In the records below, begin at the line containing "(\<lambda>n. if n" and end at the line containing "(\<exists>x. inf_period \<alpha>"; quote every line in that span exactly, including both boundary lines, and no others.

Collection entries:
>>

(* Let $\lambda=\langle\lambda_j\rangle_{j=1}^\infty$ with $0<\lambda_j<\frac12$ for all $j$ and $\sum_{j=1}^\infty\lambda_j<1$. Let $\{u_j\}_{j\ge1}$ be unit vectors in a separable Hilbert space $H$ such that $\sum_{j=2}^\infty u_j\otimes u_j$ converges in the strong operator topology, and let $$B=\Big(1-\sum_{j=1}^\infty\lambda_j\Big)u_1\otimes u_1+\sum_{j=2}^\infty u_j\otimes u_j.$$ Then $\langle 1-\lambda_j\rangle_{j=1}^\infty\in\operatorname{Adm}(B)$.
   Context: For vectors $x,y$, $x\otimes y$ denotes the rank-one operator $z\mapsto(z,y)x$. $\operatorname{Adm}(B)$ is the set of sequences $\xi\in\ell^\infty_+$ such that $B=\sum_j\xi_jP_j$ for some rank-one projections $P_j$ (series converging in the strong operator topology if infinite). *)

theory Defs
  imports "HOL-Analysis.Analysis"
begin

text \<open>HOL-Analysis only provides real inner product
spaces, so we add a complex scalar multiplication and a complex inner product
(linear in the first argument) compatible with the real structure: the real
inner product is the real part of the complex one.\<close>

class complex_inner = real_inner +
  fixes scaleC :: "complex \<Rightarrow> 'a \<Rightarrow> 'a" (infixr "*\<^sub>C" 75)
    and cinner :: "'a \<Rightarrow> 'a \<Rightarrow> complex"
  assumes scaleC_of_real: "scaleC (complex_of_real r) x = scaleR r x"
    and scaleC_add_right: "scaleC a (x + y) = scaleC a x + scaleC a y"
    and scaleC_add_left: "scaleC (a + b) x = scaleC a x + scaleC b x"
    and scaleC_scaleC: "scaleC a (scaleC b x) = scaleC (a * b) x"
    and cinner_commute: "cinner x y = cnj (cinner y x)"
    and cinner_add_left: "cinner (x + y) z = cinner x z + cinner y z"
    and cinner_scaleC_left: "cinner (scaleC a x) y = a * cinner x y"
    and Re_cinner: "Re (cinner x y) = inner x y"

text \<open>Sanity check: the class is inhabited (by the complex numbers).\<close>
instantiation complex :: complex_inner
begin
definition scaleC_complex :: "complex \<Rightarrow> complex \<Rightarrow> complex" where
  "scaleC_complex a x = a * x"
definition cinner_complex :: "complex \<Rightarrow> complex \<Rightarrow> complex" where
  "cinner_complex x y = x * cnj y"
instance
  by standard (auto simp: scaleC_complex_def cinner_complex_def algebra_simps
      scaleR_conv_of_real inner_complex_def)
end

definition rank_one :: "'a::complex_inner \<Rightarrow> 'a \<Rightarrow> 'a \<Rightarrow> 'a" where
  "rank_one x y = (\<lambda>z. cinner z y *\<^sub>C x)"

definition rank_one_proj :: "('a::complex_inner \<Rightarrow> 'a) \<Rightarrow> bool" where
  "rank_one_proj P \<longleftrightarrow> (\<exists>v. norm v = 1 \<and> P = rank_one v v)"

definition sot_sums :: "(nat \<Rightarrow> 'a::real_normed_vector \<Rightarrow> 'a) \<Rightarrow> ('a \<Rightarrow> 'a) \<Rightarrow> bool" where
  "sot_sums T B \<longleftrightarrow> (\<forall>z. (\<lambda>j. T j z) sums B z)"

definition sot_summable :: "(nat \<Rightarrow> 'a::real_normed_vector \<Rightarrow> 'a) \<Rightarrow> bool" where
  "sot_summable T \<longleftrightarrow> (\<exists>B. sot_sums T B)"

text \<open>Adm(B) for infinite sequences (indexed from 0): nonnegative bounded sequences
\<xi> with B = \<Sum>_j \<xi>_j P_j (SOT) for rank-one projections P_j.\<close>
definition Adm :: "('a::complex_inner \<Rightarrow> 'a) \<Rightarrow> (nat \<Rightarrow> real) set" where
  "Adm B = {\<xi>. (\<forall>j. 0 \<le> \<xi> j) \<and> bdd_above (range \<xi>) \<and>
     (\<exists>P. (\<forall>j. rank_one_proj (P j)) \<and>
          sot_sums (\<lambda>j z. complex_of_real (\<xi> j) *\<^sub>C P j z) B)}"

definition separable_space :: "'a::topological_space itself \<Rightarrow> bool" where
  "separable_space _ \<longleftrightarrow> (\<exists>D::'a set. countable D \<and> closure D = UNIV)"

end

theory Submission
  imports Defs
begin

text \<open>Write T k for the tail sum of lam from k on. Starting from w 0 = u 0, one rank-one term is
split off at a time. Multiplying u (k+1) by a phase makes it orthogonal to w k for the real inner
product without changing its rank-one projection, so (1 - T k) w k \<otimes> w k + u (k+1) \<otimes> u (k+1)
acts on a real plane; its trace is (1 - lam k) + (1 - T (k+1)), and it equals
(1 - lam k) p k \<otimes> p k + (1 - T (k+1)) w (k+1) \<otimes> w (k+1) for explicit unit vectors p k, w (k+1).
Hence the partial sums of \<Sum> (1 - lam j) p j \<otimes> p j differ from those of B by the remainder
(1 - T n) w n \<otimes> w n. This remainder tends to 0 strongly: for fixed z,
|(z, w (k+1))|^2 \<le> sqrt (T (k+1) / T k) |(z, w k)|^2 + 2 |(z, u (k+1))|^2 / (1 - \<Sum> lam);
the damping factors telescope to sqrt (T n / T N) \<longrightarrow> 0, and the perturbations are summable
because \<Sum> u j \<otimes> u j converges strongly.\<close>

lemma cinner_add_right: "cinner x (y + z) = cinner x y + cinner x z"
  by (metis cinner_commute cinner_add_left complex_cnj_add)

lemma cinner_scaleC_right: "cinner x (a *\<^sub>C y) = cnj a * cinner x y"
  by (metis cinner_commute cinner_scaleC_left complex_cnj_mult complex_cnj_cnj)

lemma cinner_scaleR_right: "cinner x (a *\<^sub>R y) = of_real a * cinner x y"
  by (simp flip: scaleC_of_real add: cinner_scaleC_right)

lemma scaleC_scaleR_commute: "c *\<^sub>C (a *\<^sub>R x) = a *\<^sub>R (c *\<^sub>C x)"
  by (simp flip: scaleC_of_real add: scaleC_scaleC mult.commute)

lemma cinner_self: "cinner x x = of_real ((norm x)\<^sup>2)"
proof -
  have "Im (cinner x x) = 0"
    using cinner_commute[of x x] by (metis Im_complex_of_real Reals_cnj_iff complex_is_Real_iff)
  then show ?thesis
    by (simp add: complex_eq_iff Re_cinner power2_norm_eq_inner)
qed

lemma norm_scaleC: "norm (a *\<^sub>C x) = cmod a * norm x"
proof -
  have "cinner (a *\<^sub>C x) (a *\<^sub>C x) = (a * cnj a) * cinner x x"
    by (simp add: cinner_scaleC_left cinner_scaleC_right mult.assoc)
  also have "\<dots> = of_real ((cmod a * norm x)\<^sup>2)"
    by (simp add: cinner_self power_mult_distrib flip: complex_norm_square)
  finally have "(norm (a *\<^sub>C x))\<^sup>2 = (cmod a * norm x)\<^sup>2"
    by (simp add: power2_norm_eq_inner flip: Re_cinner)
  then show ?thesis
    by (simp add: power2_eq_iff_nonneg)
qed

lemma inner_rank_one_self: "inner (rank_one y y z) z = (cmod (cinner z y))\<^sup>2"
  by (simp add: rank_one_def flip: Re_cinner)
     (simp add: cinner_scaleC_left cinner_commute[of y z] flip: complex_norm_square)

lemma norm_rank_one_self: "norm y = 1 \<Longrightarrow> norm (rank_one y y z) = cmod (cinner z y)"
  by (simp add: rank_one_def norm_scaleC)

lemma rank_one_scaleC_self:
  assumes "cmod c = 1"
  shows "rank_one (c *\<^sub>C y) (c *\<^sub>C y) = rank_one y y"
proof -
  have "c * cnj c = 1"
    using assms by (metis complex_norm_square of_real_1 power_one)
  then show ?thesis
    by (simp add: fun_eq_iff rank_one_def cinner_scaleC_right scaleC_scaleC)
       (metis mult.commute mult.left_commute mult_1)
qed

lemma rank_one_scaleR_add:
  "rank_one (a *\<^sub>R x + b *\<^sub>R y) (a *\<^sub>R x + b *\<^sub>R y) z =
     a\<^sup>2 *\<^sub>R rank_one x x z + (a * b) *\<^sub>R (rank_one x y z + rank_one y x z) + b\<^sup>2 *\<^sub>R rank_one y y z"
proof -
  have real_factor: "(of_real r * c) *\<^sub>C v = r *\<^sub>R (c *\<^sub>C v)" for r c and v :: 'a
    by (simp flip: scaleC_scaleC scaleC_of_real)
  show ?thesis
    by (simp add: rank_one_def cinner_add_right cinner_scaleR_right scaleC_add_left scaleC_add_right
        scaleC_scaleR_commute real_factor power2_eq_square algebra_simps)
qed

<<
>>

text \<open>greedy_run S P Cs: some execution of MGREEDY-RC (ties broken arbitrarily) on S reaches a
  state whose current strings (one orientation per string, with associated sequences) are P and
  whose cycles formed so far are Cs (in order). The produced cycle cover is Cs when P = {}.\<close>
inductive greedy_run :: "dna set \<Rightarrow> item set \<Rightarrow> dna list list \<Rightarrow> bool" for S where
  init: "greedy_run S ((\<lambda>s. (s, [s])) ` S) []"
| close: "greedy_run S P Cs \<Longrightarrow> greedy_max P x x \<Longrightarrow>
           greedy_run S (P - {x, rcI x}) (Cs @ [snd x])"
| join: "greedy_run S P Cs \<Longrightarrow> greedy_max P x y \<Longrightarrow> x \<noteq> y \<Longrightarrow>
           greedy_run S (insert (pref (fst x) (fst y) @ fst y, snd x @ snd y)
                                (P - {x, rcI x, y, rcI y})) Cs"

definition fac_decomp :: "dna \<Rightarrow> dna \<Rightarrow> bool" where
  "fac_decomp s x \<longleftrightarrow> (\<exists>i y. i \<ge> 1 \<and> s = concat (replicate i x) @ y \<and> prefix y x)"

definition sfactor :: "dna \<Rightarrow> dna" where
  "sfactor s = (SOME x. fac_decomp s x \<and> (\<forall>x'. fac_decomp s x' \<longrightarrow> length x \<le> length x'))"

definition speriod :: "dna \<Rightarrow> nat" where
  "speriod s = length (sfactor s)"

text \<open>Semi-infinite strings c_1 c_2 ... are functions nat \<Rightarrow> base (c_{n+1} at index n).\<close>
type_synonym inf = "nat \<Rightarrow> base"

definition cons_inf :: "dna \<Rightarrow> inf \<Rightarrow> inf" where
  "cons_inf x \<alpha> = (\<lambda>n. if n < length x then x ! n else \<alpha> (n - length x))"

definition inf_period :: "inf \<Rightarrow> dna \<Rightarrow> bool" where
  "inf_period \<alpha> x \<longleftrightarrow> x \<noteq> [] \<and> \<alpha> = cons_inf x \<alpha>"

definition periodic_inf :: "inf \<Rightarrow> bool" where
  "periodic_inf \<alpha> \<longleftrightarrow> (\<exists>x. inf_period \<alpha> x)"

<<

### SOLVED EXERCISE
  "cons_inf x \<alpha> = (\<lambda>n. if n < length x then x ! n else \<alpha> (n - length x))"

definition inf_period :: "inf \<Rightarrow> dna \<Rightarrow> bool" where
  "inf_period \<alpha> x \<longleftrightarrow> x \<noteq> [] \<and> \<alpha> = cons_inf x \<alpha>"

definition periodic_inf :: "inf \<Rightarrow> bool" where
  "periodic_inf \<alpha> \<longleftrightarrow> (\<exists>x. inf_period \<alpha> x)"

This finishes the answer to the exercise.